Chain 14 agents at 95% reliability each and your system is ~49% reliable end-to-end (0.95^14). The failures aren't inside any single agent — they're in how they connect: silent cascade failures, hidden single points of failure, fragile dependencies. swarm-test finds them by analyzing your agent topology.

Quickstart

pip install swarm-test
swarm-test run my_crew.py --open

--open launches an interactive D3 dashboard in your browser the moment the run finishes — Swarm Score, force-directed agent graph with single-points-of-failure pulsing red, sortable health and redundancy tables, and every finding grouped by severity.
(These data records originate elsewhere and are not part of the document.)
lemma run_Suc_agree:
  assumes k: "k < CARD('v)" and same: "run X k = run Y k"
    and at_vtx: "Y k (vtx X k) = X k (vtx X k)"
    and above: "\<And>w. w \<notin> set (chosen X k) \<Longrightarrow> sk X k \<le> tauk X k w (Y k w)"
    and tie: "\<And>w. w \<notin> set (chosen X k) \<Longrightarrow> tauk X k w (Y k w) = sk X k \<Longrightarrow> tauk X k w (X k w) = sk X k"
  shows "run X (Suc k) = run Y (Suc k)"
proof -
  have choice_X: "is_choice (\<lambda>v. tauk X k v (X k v)) (UNIV - set (chosen X k)) (vtx X k)"
    by (rule vtx_is_choice[OF k])
  have at_vtx_level: "tauk X k (vtx X k) (Y k (vtx X k)) = sk X k"
    unfolding sk_def at_vtx ..
  have "is_choice (\<lambda>v. tauk X k v (Y k v)) (UNIV - set (chosen X k)) (vtx X k)"
    unfolding is_choice_def
  proof (intro conjI ballI impI)
    show "vtx X k \<in> UNIV - set (chosen X k)" using choice_X unfolding is_choice_def by blast
  next
    fix w
    assume w: "w \<in> UNIV - set (chosen X k)"
    then show "tauk X k (vtx X k) (Y k (vtx X k)) \<le> tauk X k w (Y k w)"
      using above at_vtx_level by simp
    assume "tauk X k w (Y k w) = tauk X k (vtx X k) (Y k (vtx X k))"
    then have "tauk X k w (X k w) = tauk X k (vtx X k) (X k (vtx X k))"
      using tie w at_vtx_level unfolding sk_def by simp
    then show "(vtx X k, w) \<in> ord" using choice_X w unfolding is_choice_def by blast
  qed
  then have choose_Y: "add_choose ord (Y k) (UNIV - set (chosen X k)) (tauk X k) = vtx X k"
    by (rule add_choose_eq)
  have "run Y (Suc k) = add_step E ord tau eps (Y k) (chosen X k, svals X k, tauk X k)"
    using same by (simp add: run_components[of X k])
  also have "\<dots> = run X (Suc k)"
    unfolding add_step_unfold[OF choose_Y] run_Suc_components at_vtx sk_def ..
  finally show ?thesis by simp
qed

section \<open>The decoding run\<close>

definition decode :: "('v \<Rightarrow> real) \<Rightarrow> ('v \<Rightarrow> real \<Rightarrow> real) \<Rightarrow> 'v \<Rightarrow> real" where
  "decode psi tk v = shift_inv (tk v) (psi v)"

primrec decoding_run :: "('v \<Rightarrow> real) \<Rightarrow> nat \<Rightarrow> 'v add_state" where
  "decoding_run psi 0 = ([], (\<lambda>_. 0), (\<lambda>v h. tau v))"
| "decoding_run psi (Suc k) =
     add_step E ord tau eps (decode psi (snd (snd (decoding_run psi k)))) (decoding_run psi k)"

definition decoded :: "('v \<Rightarrow> real) \<Rightarrow> nat \<Rightarrow> 'v \<Rightarrow> real" where
  "decoded psi k = decode psi (snd (snd (decoding_run psi k)))"

lemma decoding_run_eq: "decoding_run psi k = run (decoded psi) k"
  by (induction k) (simp_all add: decoded_def)

lemma decoded_eq: "decoded psi k = decode psi (tauk (decoded psi) k)"
  by (simp only: decoded_def[of psi k] tauk_def decoding_run_eq)

lemma decoded_solves: "decoded psi k v + tauk (decoded psi) k v (decoded psi k v) = psi v"
  unfolding decoded_eq[of psi k] decode_def by (rule shift_inv_eq[OF tauk_half_lipschitz])

lemma decoded_unique:
  "h + tauk (decoded psi) k v h = psi v \<Longrightarrow> decoded psi k v = h"
  unfolding decoded_eq[of psi k] decode_def by (rule shift_inv_unique[OF tauk_half_lipschitz])

lemma stable_decoded: "stable_input (decoded psi)"
  unfolding stable_input_def
proof (intro allI impI)
  fix k v
  assume "tauk (decoded psi) (Suc k) v (decoded psi (Suc k) v) = tauk (decoded psi) k v (decoded psi (Suc k) v)"
  then have "decoded psi (Suc k) v + tauk (decoded psi) k v (decoded psi (Suc k) v) = psi v"
    using decoded_solves[of psi "Suc k" v] by simp
  then show "decoded psi k v = decoded psi (Suc k) v" by (rule decoded_unique)
qed

lemma stable_const: "stable_input (\<lambda>_. phi)"
  unfolding stable_input_def by simp

definition Tplus_inv :: "('v \<Rightarrow> real) \<Rightarrow> ('v \<Rightarrow> real)" where
  "Tplus_inv psi = decode psi (tauk (decoded psi) (CARD('v)))"

lemma Tplus_inv_vtx:
  assumes "j < CARD('v)"
  shows "Tplus_inv psi (vtx (decoded psi) j) = decoded psi j (vtx (decoded psi) j)"
  unfolding Tplus_inv_def decode_def tauk_frozen[OF assms] decoded_eq[of psi j] ..

lemma run_const: "add_run E ord tau eps phi k = run (\<lambda>_. phi) k"
  by (induction k) (simp_all add: add_run_def)

lemma Tplus_vtx:
  assumes "j < CARD('v)"
  shows "Tplus E ord tau eps phi (vtx (\<lambda>_. phi) j) = phi (vtx (\<lambda>_. phi) j) + sk (\<lambda>_. phi) j"
  using svals_vtx[OF assms] unfolding Tplus_def run_const svals_def[symmetric] by simp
No real script handy? Build a synthetic topology straight from the CLI:

swarm-test run -a "Orchestrator,Worker1,Worker2" -e "Orchestrator>Worker1,Orchestrator>Worker2"

swarm-test reliability dashboard

What it catches

  • One agent fails and silently takes down everything downstream — cascade failure
  • A single agent the whole system depends on; remove it and the swarm splits — blast radius / SPOF
  • Credentials, PII, or other sensitive data leaking across agent boundaries — context leakage
  • Agents drifting from their assigned role; prompt-injection-style goal hijacking — intent drift
  • A slow upstream with no timeout boundary blocking the whole pipeline — timeout resilience
  • Dense cliques, echo chambers, and cycles that bypass the orchestrator — collusion detection
  • Agents stuck in loops — runaway step counts and retry storms that burn tokens with no error thrown — trajectory analysis
  • Output schema mismatches across agent edges — contract violation (opt-in; provide a contracts YAML)

Features

  • 0–100 Swarm Score with a verdict line (EXCELLENT → CRITICAL) — one-line output for CI
  • Agent role classification (orchestrator, aggregator, validator, gateway, worker, monitor, router) with confidence scores
  • Role-adjusted severity — a validator leaking context is upgraded; an orchestrator's blast radius is downgraded
  • Historical tracking — trend across runs, diffs new vs. resolved findings
  • Interactive HTML report (--open) — D3 force-directed graph, NxN heatmap, filterable findings
  • GitHub Action with PR annotations and job-summary score
  • Graph export to Mermaid, DOT, or PNG (SPOFs red, redundant green)
  • Framework adapters: CrewAI, LangGraph, AutoGen, generic / static graph
  • YAML config (.swarmtest.yml) and entry-point plugin system

CI gate (GitHub Action)

# .github/workflows/swarm-test.yml
on: [pull_request]
jobs:
  swarm-test:
    runs-on: ubuntu-latest
    steps:
      - uses: actions/checkout@v4
      - uses: surajkumar811/swarm-test@v0.3.0
        with:
          script: my_crew.py
          fail-on-severity: high

Findings appear inline on the PR as ::error:: / ::warning:: / ::notice:: annotations; the Swarm Score is posted to the workflow job summary.

Using it from Python

from swarm_test import SwarmProbe

# Works with a CrewAI Crew, LangGraph CompiledGraph, or AutoGen GroupChatManager
probe  = SwarmProbe(crew, swarm_name="my-crew")
report = probe.run_all()
report.print_summary()
report.to_html("report.html")

Installation

pip install swarm-test
# or with framework extras:
pip install "swarm-test[crewai]"
pip install "swarm-test[langgraph]"
pip install "swarm-test[autogen]"
pip install "swarm-test[png]"        # for PNG graph export

How it works

swarm-test builds a NetworkX directed graph from your agent system — nodes are agents, edges are interactions extracted by each framework adapter. All tests are static graph analyses; no LLM calls are made, and results are deterministic given the same topology.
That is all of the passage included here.